In the records below, find the line that contains "complex) \<Rightarrow> complex" and the line that contains "(* For a unit", then retype exactly those two lines and every line between them.

[Opening AVAILABLE DATA section]

(* Let $d$ be an odd prime. For each vector $\vec c=(c_0,c_1,\dots,c_{d-1})$ of complex numbers of modulus one with $c_0=1$, let $U(\vec c)$ be the one-qudit unitary $U(\vec c)=F\,\mathrm{diag}(c_0,\dots,c_{d-1})$, i.e. $U(\vec c)|j\rangle=c_j\frac{1}{\sqrt d}\sum_{m\in\mathbb{Z}_d}\omega^{jm}|m\rangle$. Then every unitary $V\in U(d)$ can be written as a finite product of gates of the form $U(\vec c)$.
   Context: $\omega=e^{2\pi i/d}$; qudits have computational basis $\{|j\rangle : j\in\mathbb{Z}_d\}$; $F|j\rangle=\frac1{\sqrt d}\sum_{m\in\mathbb{Z}_d}\omega^{jm}|m\rangle$ is the quantum Fourier transform on one qudit. *)

theory Defs
  imports "Jordan_Normal_Form.Schur_Decomposition"
begin

definition omega :: "nat \<Rightarrow> complex" where
  "omega d = cis (2 * pi / real d)"

definition gateU :: "nat \<Rightarrow> (nat \<Rightarrow> complex) \<Rightarrow> complex mat" where
  "gateU d c = mat d d (\<lambda>(m, j). c j * omega d ^ (j * m) / complex_of_real (sqrt (real d)))"

definition admissible :: "nat \<Rightarrow> (nat \<Rightarrow> complex) \<Rightarrow> bool" where
  "admissible d c \<longleftrightarrow> c 0 = 1 \<and> (\<forall>j<d. cmod (c j) = 1)"

definition unitary_mat :: "nat \<Rightarrow> complex mat \<Rightarrow> bool" where
  "unitary_mat d V \<longleftrightarrow> V \<in> carrier_mat d d \<and> V * mat_adjoint V = 1\<^sub>m d"

end

theory Submission
  imports Defs
begin

(* For a unit vector v and |a| = 1 let R(v, a) = I + (a - 1) v v^* be the phase matrix about v.
   Every unitary is a product of d such matrices (reduce its columns one by one from the right), so
   it suffices to show that every R(v, a) is a product of gates U(c).
   The gates give the Fourier matrix F = U(1, ..., 1), its adjoint F^3 and all diagonal unitaries
   with c_0 = 1. As U R(v, a) U^* = R(U v, a), the unit vectors v whose phase matrices are all gate
   products are closed under these unitaries and under the phase matrices of each other; this lets
   one pass from x to any unit vector l x + c w with |l| = 1. The set contains e_j for j > 0 and the
   column F e_1, hence every vector with all entries of modulus 1/sqrt d. In the real plane spanned
   by (e_0 + e_j)/sqrt 2 and the normalised sum of the other basis vectors, reflections in such
   flat vectors rotate by a fixed angle, which leads to (e_0 + e_j)/sqrt 2; from there one reaches
   every unit vector of span {e_0, e_j}, and by induction on the support every unit vector. *)

lemma unimodular_iff_mult_cnj: "cmod a = 1 \<longleftrightarrow> a * cnj a = 1"
proof -
  have "a * cnj a = complex_of_real ((cmod a)\<^sup>2)" by (rule complex_norm_square[symmetric])
  then have "a * cnj a = 1 \<longleftrightarrow> (cmod a)\<^sup>2 = 1" by (metis of_real_eq_1_iff)
  then show ?thesis using abs_square_eq_1[of "cmod a"] by simp
qed

lemma unimodular_mult_cnj: "cmod a = 1 \<Longrightarrow> a * cnj a = 1"
  by (simp add: unimodular_iff_mult_cnj)

lemma cnj_mult_self: "cnj z * z = complex_of_real ((cmod z)\<^sup>2)"
  by (simp only: complex_norm_square mult.commute)

lemma of_real_sqrt_mult_self:
  "0 \<le> x \<Longrightarrow> complex_of_real (sqrt x) * complex_of_real (sqrt x) = complex_of_real x"
  by (simp flip: of_real_mult)

lemma divide_sqrt_times_divide_sqrt:
  "x / complex_of_real (sqrt (real d)) * (y / complex_of_real (sqrt (real d))) = x * y / of_nat d"
  using of_real_sqrt_mult_self[of "real d"] by (simp add: times_divide_times_eq)

lemma sum_cis_powers:
  assumes "d > 0"
  shows "(\<Sum>k<d. cis (2 * pi * of_int a / real d) ^ k) = (if int d dvd a then of_nat d else 0)"
proof (cases "int d dvd a")
  case True
  then obtain q where "a = int d * q" by (elim dvdE)
  then have "cis (2 * pi * of_int a / real d) = cis (2 * pi * of_int q)"
    using assms by (simp add: field_simps)
  then show ?thesis using True by simp
next
  case False
  let ?z = "cis (2 * pi * of_int a / real d)"
  have "?z \<noteq> 1"
  proof
    assume "?z = 1"
    then have "cos (2 * pi * of_int a / real d) = 1" by (simp add: complex_eq_iff)
    then obtain n :: int where "2 * pi * of_int a / real d = of_int n * 2 * pi"
      by (subst (asm) cos_one_2pi_int) blast
    then have "of_int a = (of_int (n * int d) :: real)" using assms by (simp add: field_simps)
    then show False using False by (simp only: of_int_eq_iff) simp
  qed
  moreover have "?z ^ d = 1"
    using assms by (simp add: DeMoivre)
  ultimately show ?thesis using geometric_sum[of ?z d] False by simp
qed

lemma omega_power: "omega d ^ n = cis (2 * pi * real n / real d)"
  by (simp add: omega_def DeMoivre field_simps)

lemma norm_omega_power [simp]: "cmod (omega d ^ n) = 1"
  by (simp add: omega_power)

lemma omega_power_mod:
  assumes "d > 0"
  shows "omega d ^ (n mod d) = omega d ^ n"
proof -
  have "omega d ^ d = 1" using assms by (simp add: omega_power)
  then show ?thesis by (metis div_mult_mod_eq power_add power_mult power_one mult.commute mult_1)
qed

lemma cnj_omega_power:
  assumes "i \<le> d" "0 < d"
  shows "cnj (omega d ^ i) = omega d ^ (d - i)"
proof -
  have "omega d ^ (d - i) * omega d ^ i = omega d ^ d"
    using assms by (simp flip: power_add)
  also have "\<dots> = 1"
    using assms by (simp add: omega_power)
  finally have "omega d ^ (d - i) * omega d ^ i = 1" .
  moreover have "cnj (omega d ^ i) * omega d ^ i = 1"
    using unimodular_mult_cnj[OF norm_omega_power] by (simp add: mult.commute)
  moreover have "omega d ^ i \<noteq> 0" by (simp add: omega_power)
  ultimately show ?thesis by (metis mult_cancel_right)
qed

lemma sum_omega_orthogonality:
  assumes "m < d" "n < d"
  shows "(\<Sum>k<d. omega d ^ (k * m) * cnj (omega d ^ (k * n))) = (if m = n then of_nat d else 0)"
proof -
  let ?z = "cis (2 * pi * of_int (int m - int n) / real d)"
  have "omega d ^ (k * m) * cnj (omega d ^ (k * n)) = ?z ^ k" for k
    by (simp add: omega_power cis_cnj cis_mult DeMoivre algebra_simps diff_divide_distrib)
  then have "(\<Sum>k<d. omega d ^ (k * m) * cnj (omega d ^ (k * n))) = (\<Sum>k<d. ?z ^ k)" by simp
  also have "\<dots> = (if int d dvd (int m - int n) then of_nat d else 0)"
    using assms by (intro sum_cis_powers) simp
  also have "int d dvd (int m - int n) \<longleftrightarrow> m = n"
  proof
    assume "int d dvd (int m - int n)"
    then have "int d dvd \<bar>int m - int n\<bar>" by simp
    moreover have "\<bar>int m - int n\<bar> < int d" using assms by linarith
    ultimately show "m = n" using zdvd_imp_le by fastforce
  qed simp
  finally show ?thesis .
qed

lemma dvd_add_iff_eq_neg_mod:
  fixes d :: nat
  assumes "i < d" "j < d"
  shows "d dvd i + j \<longleftrightarrow> j = (d - i) mod d"
  using assms by (cases "i = 0"; cases "i + j < d") (auto simp: dvd_eq_mod_eq_0 le_mod_geq)

lemma cnj_of_bool [simp]: "cnj (of_bool P) = of_bool P"
  by (cases P) simp_all

lemma index_mult_square:
  assumes "A \<in> carrier_mat d d" "B \<in> carrier_mat d d" "i < d" "j < d"
  shows "(A * B) $$ (i, j) = (\<Sum>k<d. A $$ (i, k) * B $$ (k, j))"
  using assms by (simp add: scalar_prod_def lessThan_atLeast0)

lemma mat_mult_mat:
  "mat d d f * mat d d g = mat d d (\<lambda>(i, j). \<Sum>k<d. f (i, k) * g (k, j))"
  by (rule eq_matI) (auto simp: scalar_prod_def lessThan_atLeast0 intro!: sum.cong)

lemma dim_mat_adjoint [simp]:
  "dim_row (mat_adjoint A) = dim_col A" "dim_col (mat_adjoint A) = dim_row A"
  by (simp_all add: mat_adjoint_def)

lemma mat_adjoint_carrier [simp]: "V \<in> carrier_mat d d \<Longrightarrow> mat_adjoint V \<in> carrier_mat d d"
  by (simp add: mat_adjoint_def mat_of_rows_def)
(* Let $\Pi$ be a 2-dimensional real vector space with a fixed nonzero constant area form $\Omega\in\Lambda^2\Pi^*$, and let $\nabla$ be a torsion-free connection with skew-symmetric Ricci tensor on a nonempty connected open set $U\subset\Pi$ which is invariant under the infinitesimal action of $\mathrm{SL}(\Pi)$ (i.e. for every $A\in\mathfrak{sl}(\Pi)$, the vector field $y\mapsto Ay$ on $U$ is an infinitesimal affine transformation of $\nabla$). Then there exists $c\in\mathbb{R}$ such that $\nabla_u v=2c[\Omega(w,u)v+\Omega(w,v)u]-c^2\Omega(w,u)\Omega(w,v)w$ for all vector fields $u$ and all constant vector fields $v$ on $U$, where $w$ denotes the radial (identity) vector field on $\Pi$.
   Context: All objects are $C^\infty$. An infinitesimal affine transformation of a connection is a vector field whose local flows preserve the connection. *)

theory Defs
  imports "HOL-Analysis.Analysis"
begin

fun Ck :: "nat \<Rightarrow> 'a::euclidean_space set \<Rightarrow> ('a \<Rightarrow> 'b::real_normed_vector) \<Rightarrow> bool" where
  "Ck 0 U f = continuous_on U f"
| "Ck (Suc k) U f = (\<exists>f'. (\<forall>p\<in>U. (f has_derivative f' p) (at p)) \<and> (\<forall>v. Ck k U (\<lambda>p. f' p v)))"

definition smooth_on :: "'a::euclidean_space set \<Rightarrow> ('a \<Rightarrow> 'b::real_normed_vector) \<Rightarrow> bool" where
  "smooth_on U f \<longleftrightarrow> (\<forall>k. Ck k U f)"

definition dd :: "('a::real_normed_vector \<Rightarrow> 'b::real_normed_vector) \<Rightarrow> 'a \<Rightarrow> 'a \<Rightarrow> 'b" where
  "dd f p x = frechet_derivative f (at p) x"

text \<open>A connection on an open set U of the vector space, given by its
  Christoffel symbols Gamma: nabla_u v (p) = Dv(p)(u p) + Gamma p (u p) (v p).
  Gamma p is bilinear, and Gamma depends smoothly on p.\<close>
definition is_connection :: "'a::euclidean_space set \<Rightarrow> ('a \<Rightarrow> 'a \<Rightarrow> 'a \<Rightarrow> 'a) \<Rightarrow> bool" where
  "is_connection U \<Gamma> \<longleftrightarrow> (\<forall>p\<in>U. bilinear (\<Gamma> p)) \<and> (\<forall>x y. smooth_on U (\<lambda>p. \<Gamma> p x y))"

definition cov :: "('a::euclidean_space \<Rightarrow> 'a \<Rightarrow> 'a \<Rightarrow> 'a) \<Rightarrow> ('a \<Rightarrow> 'a) \<Rightarrow> ('a \<Rightarrow> 'a) \<Rightarrow> 'a \<Rightarrow> 'a" where
  "cov \<Gamma> u v p = dd v p (u p) + \<Gamma> p (u p) (v p)"

definition torsion_free :: "'a::euclidean_space set \<Rightarrow> ('a \<Rightarrow> 'a \<Rightarrow> 'a \<Rightarrow> 'a) \<Rightarrow> bool" where
  "torsion_free U \<Gamma> \<longleftrightarrow> (\<forall>p\<in>U. \<forall>x y. \<Gamma> p x y = \<Gamma> p y x)"

text \<open>Curvature R(x,y)z = nabla_x nabla_y z - nabla_y nabla_x z - nabla_[x,y] z,
  evaluated on constant vector fields x y z (which span every tangent space).\<close>
definition curv :: "('a::euclidean_space \<Rightarrow> 'a \<Rightarrow> 'a \<Rightarrow> 'a) \<Rightarrow> 'a \<Rightarrow> 'a \<Rightarrow> 'a \<Rightarrow> 'a \<Rightarrow> 'a" where
  "curv \<Gamma> p x y z = dd (\<lambda>q. \<Gamma> q y z) p x - dd (\<lambda>q. \<Gamma> q x z) p y
     + \<Gamma> p x (\<Gamma> p y z) - \<Gamma> p y (\<Gamma> p x z)"

definition ricci :: "('a::euclidean_space \<Rightarrow> 'a \<Rightarrow> 'a \<Rightarrow> 'a) \<Rightarrow> 'a \<Rightarrow> 'a \<Rightarrow> 'a \<Rightarrow> real" where
  "ricci \<Gamma> p y z = (\<Sum>b\<in>Basis. curv \<Gamma> p b y z \<bullet> b)"

definition lin_trace :: "('a::euclidean_space \<Rightarrow> 'a) \<Rightarrow> real" where
  "lin_trace A = (\<Sum>b\<in>Basis. A b \<bullet> b)"

definition lin_flow :: "('a::euclidean_space \<Rightarrow> 'a) \<Rightarrow> real \<Rightarrow> 'a \<Rightarrow> 'a" where
  "lin_flow A t y = (\<Sum>n. (t ^ n / fact n) *\<^sub>R (A ^^ n) y)"
definition filt :: "('a::comm_ring_1 \<Rightarrow> 'b::ab_group_add \<Rightarrow> 'b) \<Rightarrow> 'a set \<Rightarrow> nat \<Rightarrow> 'b set" where
  "filt scale I n = idmul scale (ideal_pow I n) UNIV"

text \<open>Degree-t component of H^0_{G_+}(G_I(M)), represented by its preimage in I^t M:
  a class [x] in G_t = I^tM/I^{t+1}M is killed by a power of G_+ iff for some k,
  all homogeneous elements [a] in G_j (j \<ge> k, a in I^j) satisfy [a][x] = 0 in G_{t+j},
  i.e. a x in I^{t+j+1} M (G_+^k = the sum of the G_j with j \<ge> k, as G is standard graded).\<close>
definition H0_comp :: "('a::comm_ring_1 \<Rightarrow> 'b::ab_group_add \<Rightarrow> 'b) \<Rightarrow> 'a set \<Rightarrow> nat \<Rightarrow> 'b set" where
  "H0_comp scale I t = {x \<in> filt scale I t. \<exists>k. \<forall>j\<ge>k. \<forall>a\<in>ideal_pow I j.
      scale a x \<in> filt scale I (t + j + 1)}"

text \<open>h of G_I(M)/H^0_{G_+}(G_I(M)) at t: length of G_t / H^0_t = I^tM / H0_comp t.\<close>
definition h_Gbar :: "('a::comm_ring_1 \<Rightarrow> 'b::ab_group_add \<Rightarrow> 'b) \<Rightarrow> 'a set \<Rightarrow> nat \<Rightarrow> enat" where
  "h_Gbar scale I t = mlength scale (H0_comp scale I t) (filt scale I t)"

end

theory Submission
  imports Defs
begin
lemma intrinsic_cross_cap_first_fundamental_form:
  assumes U: "open U" "p \<in> U" and f: "smooth_on U f"
    and kernel: "z \<noteq> 0" "frechet_derivative f (at p) z = 0"
    and normal_inj: "\<And>h. frechet_derivative (normal_field f) (at p) h = 0 \<Longrightarrow> h = 0"
  shows "intrinsic_cross_cap U (first_fundamental_form f) p"
proof -
  define Dw where "Dw = frechet_derivative (normal_field f) (at p)"
  have w: "Ck_on 2 U (normal_field f)"
    using smooth_on_normal_field[OF U(1) f] by (rule smooth_on_imp_Ck_on)
  have "normal_field f p = 0"
    using normal_field_eq_0_if_kernel[OF smooth_on_differentiable_at[OF f U] kernel] .
  then have hess: "pderiv_dir e' (pderiv_dir e (metric_delta (first_fundamental_form f))) p
      = 2 * (Dw e \<bullet> Dw e')"
    if "e \<in> Basis" for e e'
    unfolding metric_delta_first_fundamental_form[abs_def] Dw_def
    by (rule second_partial_inner_self_at_zero[OF U w _ that])
  have "linear Dw"
    unfolding Dw_def
    by (rule linear_frechet_derivative,
        rule smooth_on_differentiable_at[OF smooth_on_normal_field[OF U(1) f] U])
  then have "(Dw (1, 0) \<bullet> Dw (1, 0)) * (Dw (0, 1) \<bullet> Dw (0, 1)) - (Dw (1, 0) \<bullet> Dw (0, 1))\<^sup>2 \<noteq> 0"
    using gram_det_neq_0_if_injective normal_inj unfolding Dw_def by blast
  moreover have "singular_point (first_fundamental_form f) p"
    unfolding singular_point_def first_fundamental_form_def
    using kernel by (metis inner_zero_left less_irrefl)
  ultimately show ?thesis
    unfolding intrinsic_cross_cap_def Let_def hess[OF Basis_R2(1)] hess[OF Basis_R2(2)]
    using admissible_first_fundamental_form[OF U(1) f] U(2)
    by (simp add: inner_commute power2_eq_square algebra_simps)
qed

section \<open>Cross caps\<close>

definition det_R2 :: "(R2 \<Rightarrow> R2) \<Rightarrow> real" where
  "det_R2 M = fst (M (1, 0)) * snd (M (0, 1)) - fst (M (0, 1)) * snd (M (1, 0))"
(* For any two simple graphs $G,F$ and any positive integer $k$, $$\mathrm{wsat}(G,F)\geq\frac{1}{k}\cdot\mathrm{rk}\text{-}\mathrm{sat}\left(G^k,\{F^k_e:\,e\in E(F)\}\right).$$
   Context: For a simple graph $G$, $G^k$ is the multigraph obtained from $G$ by taking $k$ instances of every edge. For $e\in E(F)$, $F^k_e$ is the multigraph on $V(F)$ containing each edge of $E(F)\setminus\{e\}$ exactly $k$ times and the edge $e$ exactly once. For simple graphs, $\mathrm{wsat}(G,F)$ is the minimum number of edges of a spanning subgraph $H\subseteq G$ from which $G$ can be obtained by adding the missing edges one at a time, each added edge creating a new copy of $F$ containing it. For a multigraph $G$ (edges are a multiset of pairs, distinct instances being distinct elements) and a family $\mathcal{F}$ of multigraphs, a matroid $M$ on $E(G)$ is weakly $\mathcal{F}$-saturated if every copy $\tilde F$ in $G$ of every $F\in\mathcal{F}$ is a cycle of $M$, i.e. $\mathrm{rk}_M(E(\tilde F)\setminus\{e\})=\mathrm{rk}_M(E(\tilde F))$ for all $e\in E(\tilde F)$; $\mathrm{rk}\text{-}\mathrm{sat}(G,\mathcal{F})$ is the maximum rank of such a matroid. *)

theory Defs
  imports Complex_Main
begin

definition simple_graph :: "'a set \<Rightarrow> 'a set set \<Rightarrow> bool" where
  "simple_graph V E \<longleftrightarrow> finite V \<and> (\<forall>e\<in>E. e \<subseteq> V \<and> card e = 2)"

definition copy_containing ::
  "'a set \<Rightarrow> 'a set set \<Rightarrow> 'b set \<Rightarrow> 'b set set \<Rightarrow> 'a set \<Rightarrow> bool" where
  "copy_containing VG E VF EF e \<longleftrightarrow>
     (\<exists>\<phi>. inj_on \<phi> VF \<and> \<phi> ` VF \<subseteq> VG \<and> (\<forall>f\<in>EF. \<phi> ` f \<in> E) \<and> e \<in> (\<lambda>f. \<phi> ` f) ` EF)"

[Closing AVAILABLE DATA section]

ANSWER TO THIS EXERCISE:
definition gateU :: "nat \<Rightarrow> (nat \<Rightarrow> complex) \<Rightarrow> complex mat" where
  "gateU d c = mat d d (\<lambda>(m, j). c j * omega d ^ (j * m) / complex_of_real (sqrt (real d)))"

definition admissible :: "nat \<Rightarrow> (nat \<Rightarrow> complex) \<Rightarrow> bool" where
  "admissible d c \<longleftrightarrow> c 0 = 1 \<and> (\<forall>j<d. cmod (c j) = 1)"

definition unitary_mat :: "nat \<Rightarrow> complex mat \<Rightarrow> bool" where
  "unitary_mat d V \<longleftrightarrow> V \<in> carrier_mat d d \<and> V * mat_adjoint V = 1\<^sub>m d"

end

theory Submission
  imports Defs
begin

(* For a unit vector v and |a| = 1 let R(v, a) = I + (a - 1) v v^* be the phase matrix about v.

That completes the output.